_TASK TO CARRY OUT_
Only lines that contain the word "imports" belong in the answer; copy them from the records below.

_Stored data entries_
┌──
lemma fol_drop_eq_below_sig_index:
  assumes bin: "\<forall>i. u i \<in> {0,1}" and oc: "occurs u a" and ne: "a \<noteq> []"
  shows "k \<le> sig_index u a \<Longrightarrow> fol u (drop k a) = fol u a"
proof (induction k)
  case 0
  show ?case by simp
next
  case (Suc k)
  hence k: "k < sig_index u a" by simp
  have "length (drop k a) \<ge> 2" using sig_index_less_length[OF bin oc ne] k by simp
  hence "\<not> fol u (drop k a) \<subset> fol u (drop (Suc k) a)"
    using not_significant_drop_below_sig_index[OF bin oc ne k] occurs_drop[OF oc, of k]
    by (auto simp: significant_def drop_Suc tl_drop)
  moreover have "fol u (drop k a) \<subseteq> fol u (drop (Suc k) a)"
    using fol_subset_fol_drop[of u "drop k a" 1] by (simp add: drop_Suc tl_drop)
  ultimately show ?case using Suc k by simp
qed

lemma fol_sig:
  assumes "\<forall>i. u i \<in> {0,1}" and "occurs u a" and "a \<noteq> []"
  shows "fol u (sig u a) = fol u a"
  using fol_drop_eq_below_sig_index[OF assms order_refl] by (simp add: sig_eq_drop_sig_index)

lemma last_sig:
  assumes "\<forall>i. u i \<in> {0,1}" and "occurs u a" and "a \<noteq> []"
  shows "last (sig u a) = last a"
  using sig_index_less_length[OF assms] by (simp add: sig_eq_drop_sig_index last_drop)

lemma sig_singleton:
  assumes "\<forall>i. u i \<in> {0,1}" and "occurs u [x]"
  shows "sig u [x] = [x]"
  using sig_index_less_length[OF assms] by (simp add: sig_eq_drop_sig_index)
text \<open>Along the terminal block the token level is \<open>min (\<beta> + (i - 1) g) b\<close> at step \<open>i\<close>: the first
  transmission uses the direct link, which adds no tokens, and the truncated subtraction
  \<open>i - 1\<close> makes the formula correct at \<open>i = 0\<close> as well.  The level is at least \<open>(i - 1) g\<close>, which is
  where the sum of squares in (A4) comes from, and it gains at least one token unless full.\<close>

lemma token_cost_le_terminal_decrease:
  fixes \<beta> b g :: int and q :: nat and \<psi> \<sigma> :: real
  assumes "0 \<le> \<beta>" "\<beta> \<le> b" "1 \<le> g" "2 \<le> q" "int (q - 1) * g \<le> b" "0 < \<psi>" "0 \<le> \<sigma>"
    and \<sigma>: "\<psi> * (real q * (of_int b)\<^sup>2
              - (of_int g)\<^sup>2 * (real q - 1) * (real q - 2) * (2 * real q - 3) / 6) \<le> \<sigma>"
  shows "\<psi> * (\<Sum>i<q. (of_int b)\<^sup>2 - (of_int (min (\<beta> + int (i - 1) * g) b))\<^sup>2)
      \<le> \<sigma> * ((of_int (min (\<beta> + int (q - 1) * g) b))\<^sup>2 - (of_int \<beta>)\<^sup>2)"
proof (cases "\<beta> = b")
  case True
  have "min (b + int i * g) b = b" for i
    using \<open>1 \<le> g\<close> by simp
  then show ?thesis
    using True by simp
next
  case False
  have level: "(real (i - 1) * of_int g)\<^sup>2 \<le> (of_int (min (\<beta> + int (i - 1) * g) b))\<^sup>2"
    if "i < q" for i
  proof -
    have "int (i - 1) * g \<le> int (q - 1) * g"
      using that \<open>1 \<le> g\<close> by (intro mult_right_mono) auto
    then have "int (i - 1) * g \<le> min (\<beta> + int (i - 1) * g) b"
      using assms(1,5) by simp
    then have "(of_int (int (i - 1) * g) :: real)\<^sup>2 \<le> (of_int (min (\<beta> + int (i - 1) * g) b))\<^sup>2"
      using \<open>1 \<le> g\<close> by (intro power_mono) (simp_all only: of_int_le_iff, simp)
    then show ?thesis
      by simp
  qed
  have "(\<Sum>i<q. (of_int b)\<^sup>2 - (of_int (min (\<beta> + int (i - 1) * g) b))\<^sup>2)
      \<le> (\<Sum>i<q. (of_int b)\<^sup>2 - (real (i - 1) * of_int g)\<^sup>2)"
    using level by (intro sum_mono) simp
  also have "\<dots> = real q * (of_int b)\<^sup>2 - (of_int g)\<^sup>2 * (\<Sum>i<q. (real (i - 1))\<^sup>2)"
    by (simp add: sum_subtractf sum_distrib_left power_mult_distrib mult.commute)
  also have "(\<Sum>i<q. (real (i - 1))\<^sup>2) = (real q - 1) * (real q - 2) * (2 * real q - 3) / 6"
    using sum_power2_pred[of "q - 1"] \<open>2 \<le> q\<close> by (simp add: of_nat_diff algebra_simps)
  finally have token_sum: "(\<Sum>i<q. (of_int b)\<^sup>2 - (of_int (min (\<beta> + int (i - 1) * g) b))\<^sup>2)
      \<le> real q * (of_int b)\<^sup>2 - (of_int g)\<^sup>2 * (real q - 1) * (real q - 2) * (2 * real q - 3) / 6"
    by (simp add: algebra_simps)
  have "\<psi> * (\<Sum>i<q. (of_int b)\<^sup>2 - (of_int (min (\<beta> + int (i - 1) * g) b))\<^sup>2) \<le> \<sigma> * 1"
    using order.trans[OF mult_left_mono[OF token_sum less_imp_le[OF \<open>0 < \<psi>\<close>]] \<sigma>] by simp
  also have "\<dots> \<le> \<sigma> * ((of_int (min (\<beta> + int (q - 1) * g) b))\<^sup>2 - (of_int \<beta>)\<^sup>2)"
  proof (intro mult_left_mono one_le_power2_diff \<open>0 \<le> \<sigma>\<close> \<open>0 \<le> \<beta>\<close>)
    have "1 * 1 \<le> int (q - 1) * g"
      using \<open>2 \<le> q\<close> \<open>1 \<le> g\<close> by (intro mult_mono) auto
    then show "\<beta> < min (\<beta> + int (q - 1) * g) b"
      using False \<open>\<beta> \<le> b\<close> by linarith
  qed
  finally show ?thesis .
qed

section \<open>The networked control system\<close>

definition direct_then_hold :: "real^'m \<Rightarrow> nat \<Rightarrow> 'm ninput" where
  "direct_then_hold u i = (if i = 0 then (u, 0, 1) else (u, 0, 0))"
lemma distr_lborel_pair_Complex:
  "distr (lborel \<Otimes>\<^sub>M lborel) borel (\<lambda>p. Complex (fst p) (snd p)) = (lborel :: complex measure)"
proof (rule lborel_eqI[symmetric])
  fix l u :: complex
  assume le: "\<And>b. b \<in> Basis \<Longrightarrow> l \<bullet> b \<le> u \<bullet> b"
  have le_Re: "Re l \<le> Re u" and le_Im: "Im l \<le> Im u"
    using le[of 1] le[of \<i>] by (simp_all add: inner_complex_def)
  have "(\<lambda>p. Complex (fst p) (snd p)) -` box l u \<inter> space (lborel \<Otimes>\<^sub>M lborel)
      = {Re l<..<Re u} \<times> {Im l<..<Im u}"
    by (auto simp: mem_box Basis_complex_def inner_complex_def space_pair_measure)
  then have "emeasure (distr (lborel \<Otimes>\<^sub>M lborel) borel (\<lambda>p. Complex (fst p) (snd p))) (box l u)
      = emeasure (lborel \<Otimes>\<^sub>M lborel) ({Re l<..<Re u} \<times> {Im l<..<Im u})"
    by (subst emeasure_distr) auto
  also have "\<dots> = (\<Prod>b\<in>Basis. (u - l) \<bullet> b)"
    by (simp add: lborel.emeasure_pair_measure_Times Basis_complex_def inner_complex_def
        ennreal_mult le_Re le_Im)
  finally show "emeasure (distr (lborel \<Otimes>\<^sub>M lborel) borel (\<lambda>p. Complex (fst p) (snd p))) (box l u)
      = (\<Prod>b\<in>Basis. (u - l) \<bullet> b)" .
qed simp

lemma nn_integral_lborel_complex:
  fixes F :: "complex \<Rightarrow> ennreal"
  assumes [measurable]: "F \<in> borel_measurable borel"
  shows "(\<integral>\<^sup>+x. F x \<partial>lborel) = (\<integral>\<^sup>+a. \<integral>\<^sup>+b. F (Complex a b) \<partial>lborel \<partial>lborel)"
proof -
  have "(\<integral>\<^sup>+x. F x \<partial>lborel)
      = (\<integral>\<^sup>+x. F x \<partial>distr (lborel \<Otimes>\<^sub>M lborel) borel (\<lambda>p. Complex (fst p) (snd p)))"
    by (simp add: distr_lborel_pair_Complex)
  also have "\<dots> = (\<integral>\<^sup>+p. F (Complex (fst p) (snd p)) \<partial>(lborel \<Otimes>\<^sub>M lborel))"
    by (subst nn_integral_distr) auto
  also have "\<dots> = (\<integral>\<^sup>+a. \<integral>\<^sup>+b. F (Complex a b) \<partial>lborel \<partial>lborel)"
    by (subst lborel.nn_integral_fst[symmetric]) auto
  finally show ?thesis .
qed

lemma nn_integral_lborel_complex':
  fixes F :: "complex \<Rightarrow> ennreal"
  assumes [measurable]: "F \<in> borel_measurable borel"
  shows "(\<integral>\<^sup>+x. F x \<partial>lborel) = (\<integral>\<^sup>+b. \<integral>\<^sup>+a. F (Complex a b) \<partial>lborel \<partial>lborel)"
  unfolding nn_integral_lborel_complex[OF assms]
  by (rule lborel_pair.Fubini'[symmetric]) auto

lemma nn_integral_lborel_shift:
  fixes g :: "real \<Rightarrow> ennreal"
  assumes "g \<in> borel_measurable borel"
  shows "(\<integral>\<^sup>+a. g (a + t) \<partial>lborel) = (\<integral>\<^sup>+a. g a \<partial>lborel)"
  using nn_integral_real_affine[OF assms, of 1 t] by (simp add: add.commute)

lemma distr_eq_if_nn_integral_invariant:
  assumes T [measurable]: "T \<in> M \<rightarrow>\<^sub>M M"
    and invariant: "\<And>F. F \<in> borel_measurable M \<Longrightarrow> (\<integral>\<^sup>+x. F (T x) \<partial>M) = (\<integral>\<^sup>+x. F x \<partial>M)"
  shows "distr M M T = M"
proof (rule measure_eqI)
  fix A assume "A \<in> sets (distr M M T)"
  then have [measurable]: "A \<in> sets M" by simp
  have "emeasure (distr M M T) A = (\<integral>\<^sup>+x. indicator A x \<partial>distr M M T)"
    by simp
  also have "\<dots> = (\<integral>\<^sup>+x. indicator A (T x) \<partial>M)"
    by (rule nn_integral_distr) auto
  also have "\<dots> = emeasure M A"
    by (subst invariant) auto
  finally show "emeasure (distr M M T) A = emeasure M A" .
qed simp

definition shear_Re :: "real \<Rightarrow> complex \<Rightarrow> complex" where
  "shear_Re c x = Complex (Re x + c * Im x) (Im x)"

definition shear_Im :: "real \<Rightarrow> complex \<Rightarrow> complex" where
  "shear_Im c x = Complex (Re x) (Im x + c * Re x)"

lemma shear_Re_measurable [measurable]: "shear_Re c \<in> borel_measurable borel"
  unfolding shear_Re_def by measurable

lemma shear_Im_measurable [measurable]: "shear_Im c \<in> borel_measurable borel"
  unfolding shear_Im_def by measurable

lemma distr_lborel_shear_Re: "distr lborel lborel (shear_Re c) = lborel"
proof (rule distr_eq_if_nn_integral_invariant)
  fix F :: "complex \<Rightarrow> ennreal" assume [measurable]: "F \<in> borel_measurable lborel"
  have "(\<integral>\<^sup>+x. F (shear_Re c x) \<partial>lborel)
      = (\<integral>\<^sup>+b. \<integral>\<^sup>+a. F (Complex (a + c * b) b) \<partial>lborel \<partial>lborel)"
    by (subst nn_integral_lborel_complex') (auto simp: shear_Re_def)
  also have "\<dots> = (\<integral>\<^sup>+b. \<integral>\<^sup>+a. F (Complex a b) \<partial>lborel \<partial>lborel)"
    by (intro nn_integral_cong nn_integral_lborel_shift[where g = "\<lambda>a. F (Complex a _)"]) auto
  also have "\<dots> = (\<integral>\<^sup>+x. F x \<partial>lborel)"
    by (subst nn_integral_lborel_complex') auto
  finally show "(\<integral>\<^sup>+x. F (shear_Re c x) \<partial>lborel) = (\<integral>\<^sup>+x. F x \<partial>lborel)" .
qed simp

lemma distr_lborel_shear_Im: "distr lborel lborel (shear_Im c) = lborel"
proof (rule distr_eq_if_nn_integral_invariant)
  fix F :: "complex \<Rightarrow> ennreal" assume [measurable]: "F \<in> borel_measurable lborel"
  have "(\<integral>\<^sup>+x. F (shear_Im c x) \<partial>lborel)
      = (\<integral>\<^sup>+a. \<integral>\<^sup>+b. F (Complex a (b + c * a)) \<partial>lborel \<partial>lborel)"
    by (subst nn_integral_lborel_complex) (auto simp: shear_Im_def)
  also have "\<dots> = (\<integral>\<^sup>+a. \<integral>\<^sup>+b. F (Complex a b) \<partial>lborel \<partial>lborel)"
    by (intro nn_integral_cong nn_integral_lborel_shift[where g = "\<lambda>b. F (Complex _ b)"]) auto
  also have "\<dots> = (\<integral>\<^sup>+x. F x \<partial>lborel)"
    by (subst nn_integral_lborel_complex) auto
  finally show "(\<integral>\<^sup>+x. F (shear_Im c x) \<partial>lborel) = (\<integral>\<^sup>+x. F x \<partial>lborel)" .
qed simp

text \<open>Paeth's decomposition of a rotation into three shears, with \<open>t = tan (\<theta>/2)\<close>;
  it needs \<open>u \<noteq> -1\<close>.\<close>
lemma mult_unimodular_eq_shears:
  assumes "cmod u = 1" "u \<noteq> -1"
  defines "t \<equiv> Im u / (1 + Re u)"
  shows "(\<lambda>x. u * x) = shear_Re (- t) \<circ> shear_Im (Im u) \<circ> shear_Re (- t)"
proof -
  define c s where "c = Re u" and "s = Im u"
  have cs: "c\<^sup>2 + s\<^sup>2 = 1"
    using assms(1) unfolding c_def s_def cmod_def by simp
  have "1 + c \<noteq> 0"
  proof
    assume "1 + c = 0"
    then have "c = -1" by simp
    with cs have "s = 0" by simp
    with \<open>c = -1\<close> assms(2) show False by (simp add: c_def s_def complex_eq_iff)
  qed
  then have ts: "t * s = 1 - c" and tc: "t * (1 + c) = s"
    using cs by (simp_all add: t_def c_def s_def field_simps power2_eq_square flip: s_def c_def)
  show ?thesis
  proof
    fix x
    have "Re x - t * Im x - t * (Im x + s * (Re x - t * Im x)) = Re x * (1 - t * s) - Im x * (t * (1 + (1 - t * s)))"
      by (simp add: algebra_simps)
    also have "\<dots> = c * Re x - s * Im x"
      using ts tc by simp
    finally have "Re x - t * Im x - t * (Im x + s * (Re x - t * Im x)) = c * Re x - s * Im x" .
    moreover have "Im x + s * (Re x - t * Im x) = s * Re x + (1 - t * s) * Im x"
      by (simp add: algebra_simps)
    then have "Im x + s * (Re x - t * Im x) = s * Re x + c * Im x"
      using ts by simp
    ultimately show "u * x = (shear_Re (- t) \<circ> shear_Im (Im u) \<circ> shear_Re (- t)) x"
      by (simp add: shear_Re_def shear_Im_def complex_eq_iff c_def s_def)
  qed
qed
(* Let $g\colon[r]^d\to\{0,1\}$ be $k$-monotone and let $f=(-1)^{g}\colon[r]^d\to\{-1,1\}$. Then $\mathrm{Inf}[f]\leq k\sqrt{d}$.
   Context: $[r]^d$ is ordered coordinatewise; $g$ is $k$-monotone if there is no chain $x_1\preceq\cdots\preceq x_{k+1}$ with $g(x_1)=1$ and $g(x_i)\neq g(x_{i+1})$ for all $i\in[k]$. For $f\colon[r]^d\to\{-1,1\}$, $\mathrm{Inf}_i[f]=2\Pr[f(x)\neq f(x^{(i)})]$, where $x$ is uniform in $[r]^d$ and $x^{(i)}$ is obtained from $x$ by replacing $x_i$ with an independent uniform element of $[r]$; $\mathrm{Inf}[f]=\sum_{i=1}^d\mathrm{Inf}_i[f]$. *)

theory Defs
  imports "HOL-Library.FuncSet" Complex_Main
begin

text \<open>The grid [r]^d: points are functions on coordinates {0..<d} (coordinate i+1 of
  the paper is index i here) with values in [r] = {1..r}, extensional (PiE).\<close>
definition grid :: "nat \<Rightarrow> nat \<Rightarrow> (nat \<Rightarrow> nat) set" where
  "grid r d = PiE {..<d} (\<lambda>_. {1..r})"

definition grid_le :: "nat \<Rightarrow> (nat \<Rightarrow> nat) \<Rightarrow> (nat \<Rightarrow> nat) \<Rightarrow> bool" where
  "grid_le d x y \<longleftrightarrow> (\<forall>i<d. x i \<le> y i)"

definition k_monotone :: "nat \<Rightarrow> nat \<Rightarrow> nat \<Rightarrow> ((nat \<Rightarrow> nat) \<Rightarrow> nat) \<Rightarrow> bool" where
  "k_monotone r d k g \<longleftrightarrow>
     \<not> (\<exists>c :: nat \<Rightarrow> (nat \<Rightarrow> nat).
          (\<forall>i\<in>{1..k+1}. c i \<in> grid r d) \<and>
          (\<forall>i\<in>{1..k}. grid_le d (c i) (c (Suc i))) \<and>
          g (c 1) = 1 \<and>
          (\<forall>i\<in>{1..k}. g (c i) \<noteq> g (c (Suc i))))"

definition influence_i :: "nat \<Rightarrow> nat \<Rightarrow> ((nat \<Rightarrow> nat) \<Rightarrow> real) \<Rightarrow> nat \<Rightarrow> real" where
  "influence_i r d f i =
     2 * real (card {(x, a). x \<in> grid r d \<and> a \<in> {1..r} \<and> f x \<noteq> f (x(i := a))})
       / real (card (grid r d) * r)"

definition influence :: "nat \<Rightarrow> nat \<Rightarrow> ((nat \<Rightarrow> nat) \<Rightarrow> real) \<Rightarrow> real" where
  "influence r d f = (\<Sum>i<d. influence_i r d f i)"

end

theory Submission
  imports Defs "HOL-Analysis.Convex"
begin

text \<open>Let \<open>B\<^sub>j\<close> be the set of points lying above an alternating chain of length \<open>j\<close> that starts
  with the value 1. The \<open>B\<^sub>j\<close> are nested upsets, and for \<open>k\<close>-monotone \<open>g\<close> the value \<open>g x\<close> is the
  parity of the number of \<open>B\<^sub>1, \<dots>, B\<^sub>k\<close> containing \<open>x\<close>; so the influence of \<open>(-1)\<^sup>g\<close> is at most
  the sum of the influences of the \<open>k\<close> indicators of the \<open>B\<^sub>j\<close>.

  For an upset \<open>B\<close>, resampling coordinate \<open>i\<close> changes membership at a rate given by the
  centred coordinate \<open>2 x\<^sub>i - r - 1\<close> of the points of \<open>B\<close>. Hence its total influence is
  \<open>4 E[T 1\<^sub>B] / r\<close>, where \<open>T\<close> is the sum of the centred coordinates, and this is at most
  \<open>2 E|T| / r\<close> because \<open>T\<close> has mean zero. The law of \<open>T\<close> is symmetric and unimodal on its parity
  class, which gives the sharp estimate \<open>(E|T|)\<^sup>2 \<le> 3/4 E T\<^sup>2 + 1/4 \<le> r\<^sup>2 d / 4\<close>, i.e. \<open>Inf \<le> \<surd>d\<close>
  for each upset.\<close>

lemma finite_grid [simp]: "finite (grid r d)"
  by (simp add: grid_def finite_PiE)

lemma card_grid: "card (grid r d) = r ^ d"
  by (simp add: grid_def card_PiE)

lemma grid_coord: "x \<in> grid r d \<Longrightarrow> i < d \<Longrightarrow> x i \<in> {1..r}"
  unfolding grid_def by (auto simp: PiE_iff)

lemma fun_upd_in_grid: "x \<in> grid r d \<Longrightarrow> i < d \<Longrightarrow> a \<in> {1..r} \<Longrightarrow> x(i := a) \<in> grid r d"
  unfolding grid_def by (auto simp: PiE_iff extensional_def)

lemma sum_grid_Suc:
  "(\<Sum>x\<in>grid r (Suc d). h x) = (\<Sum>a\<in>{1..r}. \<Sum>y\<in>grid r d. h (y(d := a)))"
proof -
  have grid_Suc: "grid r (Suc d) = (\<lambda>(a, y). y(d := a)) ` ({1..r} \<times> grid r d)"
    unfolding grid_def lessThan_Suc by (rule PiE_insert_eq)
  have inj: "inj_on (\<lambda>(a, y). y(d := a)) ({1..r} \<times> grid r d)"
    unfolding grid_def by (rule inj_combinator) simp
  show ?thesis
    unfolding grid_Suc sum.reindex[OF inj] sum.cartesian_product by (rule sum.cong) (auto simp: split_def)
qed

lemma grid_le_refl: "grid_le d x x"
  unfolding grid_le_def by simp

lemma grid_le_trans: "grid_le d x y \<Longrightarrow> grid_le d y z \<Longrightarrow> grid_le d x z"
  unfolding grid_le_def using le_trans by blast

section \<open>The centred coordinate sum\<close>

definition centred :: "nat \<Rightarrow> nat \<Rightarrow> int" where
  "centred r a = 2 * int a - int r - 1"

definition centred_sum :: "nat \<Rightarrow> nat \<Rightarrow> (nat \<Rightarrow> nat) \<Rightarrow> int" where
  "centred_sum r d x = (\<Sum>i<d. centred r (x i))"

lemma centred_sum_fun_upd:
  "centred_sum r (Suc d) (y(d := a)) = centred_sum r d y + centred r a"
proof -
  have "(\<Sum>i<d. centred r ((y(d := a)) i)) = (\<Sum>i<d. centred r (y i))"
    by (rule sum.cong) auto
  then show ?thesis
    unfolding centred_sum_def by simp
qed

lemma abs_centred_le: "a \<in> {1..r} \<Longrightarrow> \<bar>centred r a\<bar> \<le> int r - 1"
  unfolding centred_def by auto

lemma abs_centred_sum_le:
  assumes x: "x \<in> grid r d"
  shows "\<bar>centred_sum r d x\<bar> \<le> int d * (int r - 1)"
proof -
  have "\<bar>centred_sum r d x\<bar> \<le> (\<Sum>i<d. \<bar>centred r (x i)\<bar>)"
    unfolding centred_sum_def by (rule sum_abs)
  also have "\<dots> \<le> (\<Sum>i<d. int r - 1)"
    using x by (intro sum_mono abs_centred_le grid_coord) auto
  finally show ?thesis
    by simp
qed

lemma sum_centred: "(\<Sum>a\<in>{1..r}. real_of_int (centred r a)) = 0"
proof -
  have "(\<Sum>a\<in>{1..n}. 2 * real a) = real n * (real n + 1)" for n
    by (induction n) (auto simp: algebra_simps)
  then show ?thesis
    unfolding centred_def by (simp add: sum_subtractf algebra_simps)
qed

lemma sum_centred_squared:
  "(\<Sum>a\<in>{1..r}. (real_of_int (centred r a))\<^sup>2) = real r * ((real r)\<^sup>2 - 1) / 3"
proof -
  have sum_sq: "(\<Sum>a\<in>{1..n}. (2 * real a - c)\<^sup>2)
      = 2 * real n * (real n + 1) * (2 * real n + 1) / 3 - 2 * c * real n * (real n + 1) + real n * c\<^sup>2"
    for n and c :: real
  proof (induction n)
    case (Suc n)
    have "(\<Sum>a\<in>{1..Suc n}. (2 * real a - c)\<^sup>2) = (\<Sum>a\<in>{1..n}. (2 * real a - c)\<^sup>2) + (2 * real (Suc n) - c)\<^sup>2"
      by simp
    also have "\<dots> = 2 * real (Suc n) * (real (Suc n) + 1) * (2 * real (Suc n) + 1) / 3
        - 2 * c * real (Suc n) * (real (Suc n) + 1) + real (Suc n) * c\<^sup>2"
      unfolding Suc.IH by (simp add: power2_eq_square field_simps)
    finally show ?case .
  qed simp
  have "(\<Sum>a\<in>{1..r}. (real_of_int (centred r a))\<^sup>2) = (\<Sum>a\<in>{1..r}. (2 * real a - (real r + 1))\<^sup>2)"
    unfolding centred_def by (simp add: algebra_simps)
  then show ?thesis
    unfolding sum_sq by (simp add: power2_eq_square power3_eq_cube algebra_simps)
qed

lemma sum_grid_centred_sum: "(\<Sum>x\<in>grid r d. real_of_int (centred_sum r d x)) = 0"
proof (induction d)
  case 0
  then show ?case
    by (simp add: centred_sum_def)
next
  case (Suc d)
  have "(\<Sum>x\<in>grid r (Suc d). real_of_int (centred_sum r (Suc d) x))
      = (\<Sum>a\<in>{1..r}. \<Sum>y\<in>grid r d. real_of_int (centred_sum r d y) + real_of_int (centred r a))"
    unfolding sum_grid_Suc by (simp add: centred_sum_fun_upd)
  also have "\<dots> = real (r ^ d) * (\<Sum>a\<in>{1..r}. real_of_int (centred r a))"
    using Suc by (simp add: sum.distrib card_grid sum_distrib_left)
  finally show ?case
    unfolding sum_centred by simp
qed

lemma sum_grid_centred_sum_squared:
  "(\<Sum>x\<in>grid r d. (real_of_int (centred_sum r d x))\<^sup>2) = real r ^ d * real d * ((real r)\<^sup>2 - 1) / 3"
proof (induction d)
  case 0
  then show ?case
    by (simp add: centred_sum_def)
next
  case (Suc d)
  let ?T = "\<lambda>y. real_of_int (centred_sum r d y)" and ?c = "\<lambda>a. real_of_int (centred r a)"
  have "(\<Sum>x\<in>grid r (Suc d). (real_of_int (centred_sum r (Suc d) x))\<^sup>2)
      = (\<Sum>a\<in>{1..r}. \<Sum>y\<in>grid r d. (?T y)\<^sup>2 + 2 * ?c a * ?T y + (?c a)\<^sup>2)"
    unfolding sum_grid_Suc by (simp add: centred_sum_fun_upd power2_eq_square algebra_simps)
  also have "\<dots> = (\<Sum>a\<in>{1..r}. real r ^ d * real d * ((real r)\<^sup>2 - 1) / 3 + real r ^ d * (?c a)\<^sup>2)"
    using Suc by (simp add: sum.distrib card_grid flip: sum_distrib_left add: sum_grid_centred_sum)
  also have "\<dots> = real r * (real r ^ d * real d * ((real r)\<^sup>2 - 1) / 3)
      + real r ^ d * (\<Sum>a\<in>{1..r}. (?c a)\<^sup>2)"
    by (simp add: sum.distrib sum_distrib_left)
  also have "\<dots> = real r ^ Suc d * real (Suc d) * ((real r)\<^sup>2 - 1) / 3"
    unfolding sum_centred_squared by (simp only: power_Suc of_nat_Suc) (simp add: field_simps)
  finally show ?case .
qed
└──
_TASK OUTPUT_
  imports "HOL-Library.FuncSet" Complex_Main
  imports Defs "HOL-Analysis.Convex"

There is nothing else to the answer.